- **About this task**: Every line in the data below that has the word "blast" should be returned.

─── Material for the task

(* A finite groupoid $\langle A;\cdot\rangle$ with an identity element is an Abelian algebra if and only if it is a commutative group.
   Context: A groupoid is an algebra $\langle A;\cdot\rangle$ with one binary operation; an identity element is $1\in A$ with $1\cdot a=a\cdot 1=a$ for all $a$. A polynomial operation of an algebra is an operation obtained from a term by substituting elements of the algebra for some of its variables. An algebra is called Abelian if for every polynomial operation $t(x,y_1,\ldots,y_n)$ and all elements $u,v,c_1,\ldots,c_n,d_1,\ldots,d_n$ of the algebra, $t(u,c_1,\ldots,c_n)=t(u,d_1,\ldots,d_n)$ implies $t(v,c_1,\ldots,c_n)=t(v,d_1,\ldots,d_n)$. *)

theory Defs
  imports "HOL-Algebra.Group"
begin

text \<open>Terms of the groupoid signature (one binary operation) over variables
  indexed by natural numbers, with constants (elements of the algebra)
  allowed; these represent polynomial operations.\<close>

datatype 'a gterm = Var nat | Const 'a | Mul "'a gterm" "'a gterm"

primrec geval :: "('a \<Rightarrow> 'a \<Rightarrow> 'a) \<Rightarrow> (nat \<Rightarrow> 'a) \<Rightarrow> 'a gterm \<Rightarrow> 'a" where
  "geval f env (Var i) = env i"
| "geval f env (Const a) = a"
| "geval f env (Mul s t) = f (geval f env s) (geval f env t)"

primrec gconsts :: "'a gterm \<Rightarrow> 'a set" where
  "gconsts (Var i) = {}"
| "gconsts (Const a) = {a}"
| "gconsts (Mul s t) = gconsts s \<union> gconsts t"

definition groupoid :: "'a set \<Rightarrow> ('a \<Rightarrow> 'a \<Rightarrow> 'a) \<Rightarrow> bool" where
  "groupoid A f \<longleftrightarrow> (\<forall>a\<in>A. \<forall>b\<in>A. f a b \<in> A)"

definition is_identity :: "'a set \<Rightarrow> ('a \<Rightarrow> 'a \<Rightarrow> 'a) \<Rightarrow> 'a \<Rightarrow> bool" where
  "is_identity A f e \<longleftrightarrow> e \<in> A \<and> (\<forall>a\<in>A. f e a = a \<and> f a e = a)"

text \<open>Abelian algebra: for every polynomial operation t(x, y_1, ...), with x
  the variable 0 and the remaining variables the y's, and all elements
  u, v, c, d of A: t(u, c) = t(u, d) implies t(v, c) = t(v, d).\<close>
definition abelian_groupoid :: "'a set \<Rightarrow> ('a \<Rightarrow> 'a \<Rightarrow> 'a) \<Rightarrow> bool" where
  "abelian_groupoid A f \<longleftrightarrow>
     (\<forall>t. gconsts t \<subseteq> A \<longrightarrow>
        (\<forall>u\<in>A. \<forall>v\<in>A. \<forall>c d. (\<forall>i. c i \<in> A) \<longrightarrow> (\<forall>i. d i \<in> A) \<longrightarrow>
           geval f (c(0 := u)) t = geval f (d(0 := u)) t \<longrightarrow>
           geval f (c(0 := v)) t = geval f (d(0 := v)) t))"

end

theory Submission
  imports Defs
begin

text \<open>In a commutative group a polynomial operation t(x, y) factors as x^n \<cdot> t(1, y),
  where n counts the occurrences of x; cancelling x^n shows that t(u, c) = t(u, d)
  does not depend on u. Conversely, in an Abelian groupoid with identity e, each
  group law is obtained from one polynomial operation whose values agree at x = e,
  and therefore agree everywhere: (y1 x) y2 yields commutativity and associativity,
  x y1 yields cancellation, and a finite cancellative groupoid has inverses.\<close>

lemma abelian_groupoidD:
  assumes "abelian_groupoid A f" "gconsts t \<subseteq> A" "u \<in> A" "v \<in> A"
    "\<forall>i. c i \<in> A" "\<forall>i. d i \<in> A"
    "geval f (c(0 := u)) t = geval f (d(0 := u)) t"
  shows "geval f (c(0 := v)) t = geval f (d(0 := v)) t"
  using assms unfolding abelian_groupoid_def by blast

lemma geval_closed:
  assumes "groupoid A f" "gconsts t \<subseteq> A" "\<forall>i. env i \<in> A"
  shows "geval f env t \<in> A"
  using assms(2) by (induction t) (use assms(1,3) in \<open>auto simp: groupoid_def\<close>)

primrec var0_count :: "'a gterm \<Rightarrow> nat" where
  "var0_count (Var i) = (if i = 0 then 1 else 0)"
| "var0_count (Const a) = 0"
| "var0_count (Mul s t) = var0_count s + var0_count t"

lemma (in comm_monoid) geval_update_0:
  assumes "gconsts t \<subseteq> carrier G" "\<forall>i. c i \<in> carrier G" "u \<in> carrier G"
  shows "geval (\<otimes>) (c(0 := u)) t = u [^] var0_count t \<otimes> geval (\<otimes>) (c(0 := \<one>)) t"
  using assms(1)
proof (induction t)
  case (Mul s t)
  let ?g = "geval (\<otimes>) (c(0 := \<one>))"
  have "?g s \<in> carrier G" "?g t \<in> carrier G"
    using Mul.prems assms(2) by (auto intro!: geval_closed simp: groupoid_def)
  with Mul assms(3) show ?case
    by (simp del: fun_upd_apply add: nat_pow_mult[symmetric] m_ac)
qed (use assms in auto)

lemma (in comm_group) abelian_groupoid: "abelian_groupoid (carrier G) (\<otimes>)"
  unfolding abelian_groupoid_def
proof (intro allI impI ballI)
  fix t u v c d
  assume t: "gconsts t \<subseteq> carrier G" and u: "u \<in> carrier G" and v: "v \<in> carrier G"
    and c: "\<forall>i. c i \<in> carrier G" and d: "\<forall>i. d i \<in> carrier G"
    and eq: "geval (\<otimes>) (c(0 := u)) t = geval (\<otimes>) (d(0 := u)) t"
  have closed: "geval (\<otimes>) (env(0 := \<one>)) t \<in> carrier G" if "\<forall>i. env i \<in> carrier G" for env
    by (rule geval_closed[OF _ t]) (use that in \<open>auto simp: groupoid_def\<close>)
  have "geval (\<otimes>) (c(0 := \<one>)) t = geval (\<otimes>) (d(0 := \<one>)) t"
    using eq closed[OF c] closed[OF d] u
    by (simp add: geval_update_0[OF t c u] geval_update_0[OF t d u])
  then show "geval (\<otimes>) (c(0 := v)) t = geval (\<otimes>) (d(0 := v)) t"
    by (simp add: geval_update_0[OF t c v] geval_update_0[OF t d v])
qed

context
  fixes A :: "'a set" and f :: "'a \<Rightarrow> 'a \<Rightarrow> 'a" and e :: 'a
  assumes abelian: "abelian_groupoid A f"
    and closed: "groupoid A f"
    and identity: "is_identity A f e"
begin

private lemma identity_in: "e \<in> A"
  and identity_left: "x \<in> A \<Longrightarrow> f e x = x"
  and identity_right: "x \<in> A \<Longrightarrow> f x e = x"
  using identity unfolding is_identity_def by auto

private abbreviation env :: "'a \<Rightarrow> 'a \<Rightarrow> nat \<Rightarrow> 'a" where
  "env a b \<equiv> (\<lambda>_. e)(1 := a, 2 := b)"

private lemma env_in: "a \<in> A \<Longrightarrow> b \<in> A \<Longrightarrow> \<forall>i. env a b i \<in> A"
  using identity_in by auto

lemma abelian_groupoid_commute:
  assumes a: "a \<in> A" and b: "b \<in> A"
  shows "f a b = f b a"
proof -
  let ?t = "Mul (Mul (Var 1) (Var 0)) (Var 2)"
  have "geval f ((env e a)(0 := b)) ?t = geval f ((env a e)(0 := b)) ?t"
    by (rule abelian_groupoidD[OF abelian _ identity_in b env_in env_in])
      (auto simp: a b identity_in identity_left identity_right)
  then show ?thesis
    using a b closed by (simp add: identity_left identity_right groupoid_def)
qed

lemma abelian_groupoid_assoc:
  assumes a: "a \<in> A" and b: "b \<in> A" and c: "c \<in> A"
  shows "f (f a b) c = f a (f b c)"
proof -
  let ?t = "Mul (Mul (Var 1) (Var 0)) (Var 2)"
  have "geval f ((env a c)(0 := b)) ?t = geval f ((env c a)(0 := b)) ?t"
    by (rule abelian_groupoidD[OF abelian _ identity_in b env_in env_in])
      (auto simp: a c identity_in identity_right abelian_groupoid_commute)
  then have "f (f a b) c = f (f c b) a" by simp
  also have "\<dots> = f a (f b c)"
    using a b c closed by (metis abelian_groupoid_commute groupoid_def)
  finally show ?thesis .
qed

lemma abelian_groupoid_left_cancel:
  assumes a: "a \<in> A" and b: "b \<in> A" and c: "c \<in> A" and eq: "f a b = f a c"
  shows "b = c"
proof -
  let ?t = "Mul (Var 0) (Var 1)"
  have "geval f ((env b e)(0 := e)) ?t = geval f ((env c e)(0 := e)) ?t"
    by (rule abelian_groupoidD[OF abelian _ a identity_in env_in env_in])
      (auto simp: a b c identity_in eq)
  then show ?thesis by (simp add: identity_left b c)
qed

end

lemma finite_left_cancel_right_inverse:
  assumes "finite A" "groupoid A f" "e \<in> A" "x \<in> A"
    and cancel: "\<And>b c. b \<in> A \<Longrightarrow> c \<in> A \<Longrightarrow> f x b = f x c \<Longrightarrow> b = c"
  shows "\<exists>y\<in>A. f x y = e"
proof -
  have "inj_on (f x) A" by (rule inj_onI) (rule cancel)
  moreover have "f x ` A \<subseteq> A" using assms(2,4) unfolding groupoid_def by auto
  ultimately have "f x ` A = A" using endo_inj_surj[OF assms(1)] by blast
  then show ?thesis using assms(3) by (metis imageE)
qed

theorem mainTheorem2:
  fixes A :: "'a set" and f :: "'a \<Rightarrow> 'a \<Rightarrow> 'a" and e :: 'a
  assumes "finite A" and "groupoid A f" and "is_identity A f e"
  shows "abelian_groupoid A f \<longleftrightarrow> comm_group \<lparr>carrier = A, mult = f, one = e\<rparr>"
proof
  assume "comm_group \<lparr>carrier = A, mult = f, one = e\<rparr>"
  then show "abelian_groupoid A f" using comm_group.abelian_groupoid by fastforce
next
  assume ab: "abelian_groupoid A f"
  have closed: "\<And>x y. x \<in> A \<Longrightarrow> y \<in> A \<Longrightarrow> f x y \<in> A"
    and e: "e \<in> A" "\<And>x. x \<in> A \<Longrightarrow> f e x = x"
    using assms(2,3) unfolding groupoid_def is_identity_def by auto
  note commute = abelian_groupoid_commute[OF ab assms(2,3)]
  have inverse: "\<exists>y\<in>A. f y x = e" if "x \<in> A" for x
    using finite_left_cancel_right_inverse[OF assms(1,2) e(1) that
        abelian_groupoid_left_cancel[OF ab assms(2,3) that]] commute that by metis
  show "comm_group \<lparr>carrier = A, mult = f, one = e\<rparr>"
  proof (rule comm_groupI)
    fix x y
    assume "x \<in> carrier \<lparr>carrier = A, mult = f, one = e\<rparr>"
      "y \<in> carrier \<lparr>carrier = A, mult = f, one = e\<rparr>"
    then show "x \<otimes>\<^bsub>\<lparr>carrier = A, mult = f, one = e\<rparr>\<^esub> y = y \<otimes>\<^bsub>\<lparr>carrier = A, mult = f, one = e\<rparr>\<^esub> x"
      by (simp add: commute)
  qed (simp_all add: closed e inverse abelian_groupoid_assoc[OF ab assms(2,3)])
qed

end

──────

- **Expected answer**:
  using assms unfolding abelian_groupoid_def by blast
  ultimately have "f x ` A = A" using endo_inj_surj[OF assms(1)] by blast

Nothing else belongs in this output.